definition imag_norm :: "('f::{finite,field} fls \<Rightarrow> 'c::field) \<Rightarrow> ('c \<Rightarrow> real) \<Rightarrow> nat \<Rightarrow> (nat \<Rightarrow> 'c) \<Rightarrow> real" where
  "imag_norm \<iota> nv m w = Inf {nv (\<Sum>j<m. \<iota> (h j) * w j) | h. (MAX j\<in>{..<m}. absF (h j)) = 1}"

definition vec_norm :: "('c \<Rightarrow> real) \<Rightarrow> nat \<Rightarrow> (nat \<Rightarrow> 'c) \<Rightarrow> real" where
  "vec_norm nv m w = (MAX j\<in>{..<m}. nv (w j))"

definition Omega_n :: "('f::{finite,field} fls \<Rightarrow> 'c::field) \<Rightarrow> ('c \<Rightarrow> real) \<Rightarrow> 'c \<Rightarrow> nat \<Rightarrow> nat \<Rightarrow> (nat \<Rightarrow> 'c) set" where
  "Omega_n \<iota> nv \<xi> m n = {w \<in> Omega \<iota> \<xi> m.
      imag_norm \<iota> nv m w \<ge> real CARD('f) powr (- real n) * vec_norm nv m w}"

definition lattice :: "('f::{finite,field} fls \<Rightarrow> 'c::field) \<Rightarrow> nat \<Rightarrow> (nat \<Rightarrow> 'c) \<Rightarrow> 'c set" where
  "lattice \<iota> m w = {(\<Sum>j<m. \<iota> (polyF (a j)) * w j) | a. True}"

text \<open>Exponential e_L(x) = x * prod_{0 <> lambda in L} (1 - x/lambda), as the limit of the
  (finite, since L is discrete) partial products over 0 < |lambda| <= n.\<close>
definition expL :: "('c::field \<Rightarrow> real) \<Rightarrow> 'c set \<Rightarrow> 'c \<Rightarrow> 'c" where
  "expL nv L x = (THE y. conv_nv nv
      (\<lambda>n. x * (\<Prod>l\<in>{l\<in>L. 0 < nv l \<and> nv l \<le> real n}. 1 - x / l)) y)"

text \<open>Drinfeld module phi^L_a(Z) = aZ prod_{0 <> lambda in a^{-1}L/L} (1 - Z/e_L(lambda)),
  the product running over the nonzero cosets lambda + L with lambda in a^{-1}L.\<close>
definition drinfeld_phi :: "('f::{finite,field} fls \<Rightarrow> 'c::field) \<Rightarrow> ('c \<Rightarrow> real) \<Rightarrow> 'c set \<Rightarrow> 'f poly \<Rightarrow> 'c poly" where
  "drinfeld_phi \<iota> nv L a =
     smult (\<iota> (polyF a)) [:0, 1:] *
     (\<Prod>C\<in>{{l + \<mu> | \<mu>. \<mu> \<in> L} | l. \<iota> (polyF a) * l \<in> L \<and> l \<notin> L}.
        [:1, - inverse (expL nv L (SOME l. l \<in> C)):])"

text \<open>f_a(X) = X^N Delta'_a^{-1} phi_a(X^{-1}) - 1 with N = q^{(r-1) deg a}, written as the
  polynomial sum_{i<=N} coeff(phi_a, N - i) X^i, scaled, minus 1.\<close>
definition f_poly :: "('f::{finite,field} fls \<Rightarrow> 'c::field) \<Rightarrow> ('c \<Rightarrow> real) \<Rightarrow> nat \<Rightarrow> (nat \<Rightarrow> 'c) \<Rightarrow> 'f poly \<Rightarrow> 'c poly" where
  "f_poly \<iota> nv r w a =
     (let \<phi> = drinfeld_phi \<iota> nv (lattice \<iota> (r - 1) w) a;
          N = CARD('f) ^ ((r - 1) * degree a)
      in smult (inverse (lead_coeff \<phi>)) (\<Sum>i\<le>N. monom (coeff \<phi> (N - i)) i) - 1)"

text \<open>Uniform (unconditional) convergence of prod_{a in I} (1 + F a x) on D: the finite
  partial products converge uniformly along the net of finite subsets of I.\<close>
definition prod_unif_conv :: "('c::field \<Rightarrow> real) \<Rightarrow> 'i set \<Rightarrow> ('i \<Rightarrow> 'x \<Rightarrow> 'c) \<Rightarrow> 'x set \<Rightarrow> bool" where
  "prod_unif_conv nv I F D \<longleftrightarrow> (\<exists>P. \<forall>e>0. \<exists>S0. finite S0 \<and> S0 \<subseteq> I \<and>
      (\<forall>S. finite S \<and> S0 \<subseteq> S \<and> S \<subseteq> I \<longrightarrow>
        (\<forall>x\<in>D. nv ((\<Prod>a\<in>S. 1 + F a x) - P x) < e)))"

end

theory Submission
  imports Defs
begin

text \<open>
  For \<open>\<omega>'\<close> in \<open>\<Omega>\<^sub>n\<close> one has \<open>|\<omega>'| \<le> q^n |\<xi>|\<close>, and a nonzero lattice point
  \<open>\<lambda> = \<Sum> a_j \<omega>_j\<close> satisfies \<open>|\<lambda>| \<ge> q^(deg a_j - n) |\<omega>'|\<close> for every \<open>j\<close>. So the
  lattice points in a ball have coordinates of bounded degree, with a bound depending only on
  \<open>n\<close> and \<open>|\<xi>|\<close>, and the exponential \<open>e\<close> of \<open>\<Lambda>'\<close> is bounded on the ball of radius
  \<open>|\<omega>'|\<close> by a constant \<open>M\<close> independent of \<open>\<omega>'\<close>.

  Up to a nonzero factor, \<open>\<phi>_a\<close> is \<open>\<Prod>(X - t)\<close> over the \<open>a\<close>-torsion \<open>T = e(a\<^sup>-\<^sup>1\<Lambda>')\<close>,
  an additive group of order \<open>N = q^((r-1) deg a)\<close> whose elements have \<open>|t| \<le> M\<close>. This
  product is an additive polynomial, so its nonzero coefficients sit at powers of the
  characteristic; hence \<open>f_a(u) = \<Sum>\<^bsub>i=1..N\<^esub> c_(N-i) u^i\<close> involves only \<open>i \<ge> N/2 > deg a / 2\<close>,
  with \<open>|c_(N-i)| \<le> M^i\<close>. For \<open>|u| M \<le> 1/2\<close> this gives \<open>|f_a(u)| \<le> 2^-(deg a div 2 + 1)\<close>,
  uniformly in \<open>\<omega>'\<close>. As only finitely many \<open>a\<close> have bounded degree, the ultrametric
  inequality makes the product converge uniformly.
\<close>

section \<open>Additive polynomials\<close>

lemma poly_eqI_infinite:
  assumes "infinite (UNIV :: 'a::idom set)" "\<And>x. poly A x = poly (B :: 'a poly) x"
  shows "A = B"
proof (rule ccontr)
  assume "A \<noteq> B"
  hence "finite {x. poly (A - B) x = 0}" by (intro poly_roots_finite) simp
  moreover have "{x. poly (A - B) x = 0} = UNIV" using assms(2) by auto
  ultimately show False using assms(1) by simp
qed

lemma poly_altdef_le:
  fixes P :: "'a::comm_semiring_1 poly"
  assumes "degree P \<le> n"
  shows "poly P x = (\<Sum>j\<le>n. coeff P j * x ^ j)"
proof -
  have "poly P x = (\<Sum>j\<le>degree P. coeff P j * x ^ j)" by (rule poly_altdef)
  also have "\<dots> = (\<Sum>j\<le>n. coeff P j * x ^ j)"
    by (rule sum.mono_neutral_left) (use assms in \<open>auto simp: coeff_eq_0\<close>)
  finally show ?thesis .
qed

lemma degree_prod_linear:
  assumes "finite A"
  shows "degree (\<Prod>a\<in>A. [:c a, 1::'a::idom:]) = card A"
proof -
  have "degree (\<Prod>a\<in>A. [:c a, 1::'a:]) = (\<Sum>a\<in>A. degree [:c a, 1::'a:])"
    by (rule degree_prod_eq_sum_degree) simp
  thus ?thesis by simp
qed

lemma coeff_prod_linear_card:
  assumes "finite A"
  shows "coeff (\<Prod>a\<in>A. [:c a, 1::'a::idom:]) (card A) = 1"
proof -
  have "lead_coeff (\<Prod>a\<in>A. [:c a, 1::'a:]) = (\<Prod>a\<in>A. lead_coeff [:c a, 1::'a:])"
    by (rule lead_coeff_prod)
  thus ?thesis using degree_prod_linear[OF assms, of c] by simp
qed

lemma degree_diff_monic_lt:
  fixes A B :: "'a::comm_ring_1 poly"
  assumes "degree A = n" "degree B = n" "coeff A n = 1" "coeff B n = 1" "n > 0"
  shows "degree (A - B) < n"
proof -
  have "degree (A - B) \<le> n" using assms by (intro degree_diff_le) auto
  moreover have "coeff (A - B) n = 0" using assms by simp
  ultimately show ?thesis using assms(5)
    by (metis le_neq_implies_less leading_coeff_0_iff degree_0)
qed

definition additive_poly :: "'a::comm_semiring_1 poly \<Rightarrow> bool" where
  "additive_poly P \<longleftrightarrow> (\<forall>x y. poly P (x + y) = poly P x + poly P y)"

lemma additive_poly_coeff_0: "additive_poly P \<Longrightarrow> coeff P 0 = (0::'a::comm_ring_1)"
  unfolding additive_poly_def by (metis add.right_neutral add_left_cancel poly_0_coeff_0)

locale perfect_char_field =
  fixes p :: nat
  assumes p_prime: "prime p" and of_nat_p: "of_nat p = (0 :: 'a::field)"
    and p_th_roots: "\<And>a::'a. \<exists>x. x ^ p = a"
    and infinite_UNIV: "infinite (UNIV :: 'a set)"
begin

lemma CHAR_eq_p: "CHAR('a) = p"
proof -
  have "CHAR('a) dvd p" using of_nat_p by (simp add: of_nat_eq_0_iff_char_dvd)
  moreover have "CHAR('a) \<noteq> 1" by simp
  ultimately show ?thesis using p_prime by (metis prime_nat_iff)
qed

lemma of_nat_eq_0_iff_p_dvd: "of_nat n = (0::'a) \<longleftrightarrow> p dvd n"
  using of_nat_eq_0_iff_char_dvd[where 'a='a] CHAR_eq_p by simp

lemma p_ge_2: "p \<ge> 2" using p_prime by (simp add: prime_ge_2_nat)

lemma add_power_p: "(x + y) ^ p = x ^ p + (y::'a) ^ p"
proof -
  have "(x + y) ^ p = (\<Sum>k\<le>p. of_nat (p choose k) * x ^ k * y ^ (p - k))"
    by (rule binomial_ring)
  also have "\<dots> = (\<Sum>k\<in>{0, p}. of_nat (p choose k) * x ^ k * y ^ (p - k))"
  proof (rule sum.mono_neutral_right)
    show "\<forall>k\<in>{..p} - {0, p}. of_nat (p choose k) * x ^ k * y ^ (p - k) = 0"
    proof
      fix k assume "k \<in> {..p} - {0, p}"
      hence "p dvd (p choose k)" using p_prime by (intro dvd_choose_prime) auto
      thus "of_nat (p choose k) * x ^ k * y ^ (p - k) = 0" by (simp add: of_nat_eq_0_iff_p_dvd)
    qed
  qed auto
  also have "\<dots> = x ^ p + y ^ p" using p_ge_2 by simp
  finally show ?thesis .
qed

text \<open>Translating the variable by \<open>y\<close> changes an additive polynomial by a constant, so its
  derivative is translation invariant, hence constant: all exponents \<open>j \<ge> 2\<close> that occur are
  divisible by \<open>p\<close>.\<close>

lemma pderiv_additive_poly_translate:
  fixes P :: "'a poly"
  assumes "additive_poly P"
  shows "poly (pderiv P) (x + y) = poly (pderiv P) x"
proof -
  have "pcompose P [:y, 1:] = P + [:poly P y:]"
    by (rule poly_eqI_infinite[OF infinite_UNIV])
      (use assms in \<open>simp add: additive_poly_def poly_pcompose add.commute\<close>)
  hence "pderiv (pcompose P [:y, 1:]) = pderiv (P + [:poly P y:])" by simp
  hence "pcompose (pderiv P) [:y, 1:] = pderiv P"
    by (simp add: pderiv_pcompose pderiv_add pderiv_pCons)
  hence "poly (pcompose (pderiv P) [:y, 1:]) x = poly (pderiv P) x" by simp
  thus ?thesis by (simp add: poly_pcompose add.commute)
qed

++++++

» **WHAT YOU NEED TO DO**: A single number is the whole answer: the count of lines above that hold "partial".

» **RESPONSE TO THE TASK**: 2